TASK GOAL: What is needed is a faithful copy of all the records.

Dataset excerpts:

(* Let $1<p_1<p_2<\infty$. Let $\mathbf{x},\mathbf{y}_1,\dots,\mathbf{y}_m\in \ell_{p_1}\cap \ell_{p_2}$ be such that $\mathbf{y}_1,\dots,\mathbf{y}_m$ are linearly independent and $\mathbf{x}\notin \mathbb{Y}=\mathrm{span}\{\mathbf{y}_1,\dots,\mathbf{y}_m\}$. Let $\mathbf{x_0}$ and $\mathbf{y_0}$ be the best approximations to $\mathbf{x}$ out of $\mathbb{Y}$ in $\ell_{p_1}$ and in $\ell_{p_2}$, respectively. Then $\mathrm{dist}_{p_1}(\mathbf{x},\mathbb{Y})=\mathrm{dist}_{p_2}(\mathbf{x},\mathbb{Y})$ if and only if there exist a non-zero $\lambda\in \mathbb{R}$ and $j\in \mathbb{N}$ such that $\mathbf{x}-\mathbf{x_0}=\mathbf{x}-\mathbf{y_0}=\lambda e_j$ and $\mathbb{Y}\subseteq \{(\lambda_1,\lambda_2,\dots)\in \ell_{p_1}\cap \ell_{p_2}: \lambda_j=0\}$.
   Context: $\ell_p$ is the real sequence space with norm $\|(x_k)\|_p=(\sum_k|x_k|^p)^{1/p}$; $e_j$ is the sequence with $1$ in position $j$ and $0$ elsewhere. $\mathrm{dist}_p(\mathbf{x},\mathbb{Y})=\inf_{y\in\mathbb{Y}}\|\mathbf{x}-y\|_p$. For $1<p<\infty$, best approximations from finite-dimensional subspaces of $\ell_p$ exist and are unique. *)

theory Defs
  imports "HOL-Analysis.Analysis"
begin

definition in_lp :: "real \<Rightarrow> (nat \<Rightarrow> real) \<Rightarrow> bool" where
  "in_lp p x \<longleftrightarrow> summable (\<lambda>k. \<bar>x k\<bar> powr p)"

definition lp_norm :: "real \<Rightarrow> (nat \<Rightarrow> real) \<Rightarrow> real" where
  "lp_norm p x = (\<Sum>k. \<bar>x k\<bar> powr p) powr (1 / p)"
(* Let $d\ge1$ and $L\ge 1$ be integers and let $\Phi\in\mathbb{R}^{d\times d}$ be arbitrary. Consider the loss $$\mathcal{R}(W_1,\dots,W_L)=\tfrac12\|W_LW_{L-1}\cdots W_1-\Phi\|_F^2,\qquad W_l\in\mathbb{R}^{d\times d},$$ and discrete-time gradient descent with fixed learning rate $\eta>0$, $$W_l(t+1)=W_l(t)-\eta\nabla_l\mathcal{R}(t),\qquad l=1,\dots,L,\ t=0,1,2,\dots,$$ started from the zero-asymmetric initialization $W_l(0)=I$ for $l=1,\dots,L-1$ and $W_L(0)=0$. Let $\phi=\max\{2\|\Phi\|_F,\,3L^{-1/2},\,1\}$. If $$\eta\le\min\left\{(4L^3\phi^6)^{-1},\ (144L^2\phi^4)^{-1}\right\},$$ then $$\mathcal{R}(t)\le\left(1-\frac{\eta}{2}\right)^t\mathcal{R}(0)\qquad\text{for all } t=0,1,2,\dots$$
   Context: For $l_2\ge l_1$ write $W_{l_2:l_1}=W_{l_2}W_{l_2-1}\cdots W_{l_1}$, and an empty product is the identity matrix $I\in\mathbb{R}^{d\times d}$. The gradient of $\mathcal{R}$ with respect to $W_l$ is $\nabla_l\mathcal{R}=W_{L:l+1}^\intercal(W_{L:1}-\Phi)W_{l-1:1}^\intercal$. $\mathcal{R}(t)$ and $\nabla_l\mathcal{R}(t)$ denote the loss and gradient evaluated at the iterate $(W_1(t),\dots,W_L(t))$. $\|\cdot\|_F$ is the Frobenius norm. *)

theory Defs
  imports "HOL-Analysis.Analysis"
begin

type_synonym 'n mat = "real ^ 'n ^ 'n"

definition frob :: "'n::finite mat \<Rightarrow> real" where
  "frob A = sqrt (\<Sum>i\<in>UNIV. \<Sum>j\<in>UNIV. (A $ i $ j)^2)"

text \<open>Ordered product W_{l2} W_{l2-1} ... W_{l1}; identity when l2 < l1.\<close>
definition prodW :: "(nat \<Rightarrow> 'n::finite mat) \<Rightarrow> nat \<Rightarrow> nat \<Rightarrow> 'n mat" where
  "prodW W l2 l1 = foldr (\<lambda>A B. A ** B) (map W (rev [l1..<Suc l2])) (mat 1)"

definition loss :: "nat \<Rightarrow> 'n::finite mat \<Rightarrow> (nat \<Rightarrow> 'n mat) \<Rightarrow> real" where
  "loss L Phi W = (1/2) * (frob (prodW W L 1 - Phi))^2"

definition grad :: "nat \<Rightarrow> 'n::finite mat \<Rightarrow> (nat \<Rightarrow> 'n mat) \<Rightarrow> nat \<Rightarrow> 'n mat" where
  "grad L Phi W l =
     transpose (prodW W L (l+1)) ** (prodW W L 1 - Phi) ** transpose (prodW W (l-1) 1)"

ANSWER BOX:
(* Let $1<p_1<p_2<\infty$. Let $\mathbf{x},\mathbf{y}_1,\dots,\mathbf{y}_m\in \ell_{p_1}\cap \ell_{p_2}$ be such that $\mathbf{y}_1,\dots,\mathbf{y}_m$ are linearly independent and $\mathbf{x}\notin \mathbb{Y}=\mathrm{span}\{\mathbf{y}_1,\dots,\mathbf{y}_m\}$. Let $\mathbf{x_0}$ and $\mathbf{y_0}$ be the best approximations to $\mathbf{x}$ out of $\mathbb{Y}$ in $\ell_{p_1}$ and in $\ell_{p_2}$, respectively. Then $\mathrm{dist}_{p_1}(\mathbf{x},\mathbb{Y})=\mathrm{dist}_{p_2}(\mathbf{x},\mathbb{Y})$ if and only if there exist a non-zero $\lambda\in \mathbb{R}$ and $j\in \mathbb{N}$ such that $\mathbf{x}-\mathbf{x_0}=\mathbf{x}-\mathbf{y_0}=\lambda e_j$ and $\mathbb{Y}\subseteq \{(\lambda_1,\lambda_2,\dots)\in \ell_{p_1}\cap \ell_{p_2}: \lambda_j=0\}$.
   Context: $\ell_p$ is the real sequence space with norm $\|(x_k)\|_p=(\sum_k|x_k|^p)^{1/p}$; $e_j$ is the sequence with $1$ in position $j$ and $0$ elsewhere. $\mathrm{dist}_p(\mathbf{x},\mathbb{Y})=\inf_{y\in\mathbb{Y}}\|\mathbf{x}-y\|_p$. For $1<p<\infty$, best approximations from finite-dimensional subspaces of $\ell_p$ exist and are unique. *)

theory Defs
  imports "HOL-Analysis.Analysis"
begin

definition in_lp :: "real \<Rightarrow> (nat \<Rightarrow> real) \<Rightarrow> bool" where
  "in_lp p x \<longleftrightarrow> summable (\<lambda>k. \<bar>x k\<bar> powr p)"

definition lp_norm :: "real \<Rightarrow> (nat \<Rightarrow> real) \<Rightarrow> real" where
  "lp_norm p x = (\<Sum>k. \<bar>x k\<bar> powr p) powr (1 / p)"
(* Let $d\ge1$ and $L\ge 1$ be integers and let $\Phi\in\mathbb{R}^{d\times d}$ be arbitrary. Consider the loss $$\mathcal{R}(W_1,\dots,W_L)=\tfrac12\|W_LW_{L-1}\cdots W_1-\Phi\|_F^2,\qquad W_l\in\mathbb{R}^{d\times d},$$ and discrete-time gradient descent with fixed learning rate $\eta>0$, $$W_l(t+1)=W_l(t)-\eta\nabla_l\mathcal{R}(t),\qquad l=1,\dots,L,\ t=0,1,2,\dots,$$ started from the zero-asymmetric initialization $W_l(0)=I$ for $l=1,\dots,L-1$ and $W_L(0)=0$. Let $\phi=\max\{2\|\Phi\|_F,\,3L^{-1/2},\,1\}$. If $$\eta\le\min\left\{(4L^3\phi^6)^{-1},\ (144L^2\phi^4)^{-1}\right\},$$ then $$\mathcal{R}(t)\le\left(1-\frac{\eta}{2}\right)^t\mathcal{R}(0)\qquad\text{for all } t=0,1,2,\dots$$
   Context: For $l_2\ge l_1$ write $W_{l_2:l_1}=W_{l_2}W_{l_2-1}\cdots W_{l_1}$, and an empty product is the identity matrix $I\in\mathbb{R}^{d\times d}$. The gradient of $\mathcal{R}$ with respect to $W_l$ is $\nabla_l\mathcal{R}=W_{L:l+1}^\intercal(W_{L:1}-\Phi)W_{l-1:1}^\intercal$. $\mathcal{R}(t)$ and $\nabla_l\mathcal{R}(t)$ denote the loss and gradient evaluated at the iterate $(W_1(t),\dots,W_L(t))$. $\|\cdot\|_F$ is the Frobenius norm. *)

theory Defs
  imports "HOL-Analysis.Analysis"
begin

type_synonym 'n mat = "real ^ 'n ^ 'n"

definition frob :: "'n::finite mat \<Rightarrow> real" where
  "frob A = sqrt (\<Sum>i\<in>UNIV. \<Sum>j\<in>UNIV. (A $ i $ j)^2)"

text \<open>Ordered product W_{l2} W_{l2-1} ... W_{l1}; identity when l2 < l1.\<close>
definition prodW :: "(nat \<Rightarrow> 'n::finite mat) \<Rightarrow> nat \<Rightarrow> nat \<Rightarrow> 'n mat" where
  "prodW W l2 l1 = foldr (\<lambda>A B. A ** B) (map W (rev [l1..<Suc l2])) (mat 1)"

definition loss :: "nat \<Rightarrow> 'n::finite mat \<Rightarrow> (nat \<Rightarrow> 'n mat) \<Rightarrow> real" where
  "loss L Phi W = (1/2) * (frob (prodW W L 1 - Phi))^2"

definition grad :: "nat \<Rightarrow> 'n::finite mat \<Rightarrow> (nat \<Rightarrow> 'n mat) \<Rightarrow> nat \<Rightarrow> 'n mat" where
  "grad L Phi W l =
     transpose (prodW W L (l+1)) ** (prodW W L 1 - Phi) ** transpose (prodW W (l-1) 1)"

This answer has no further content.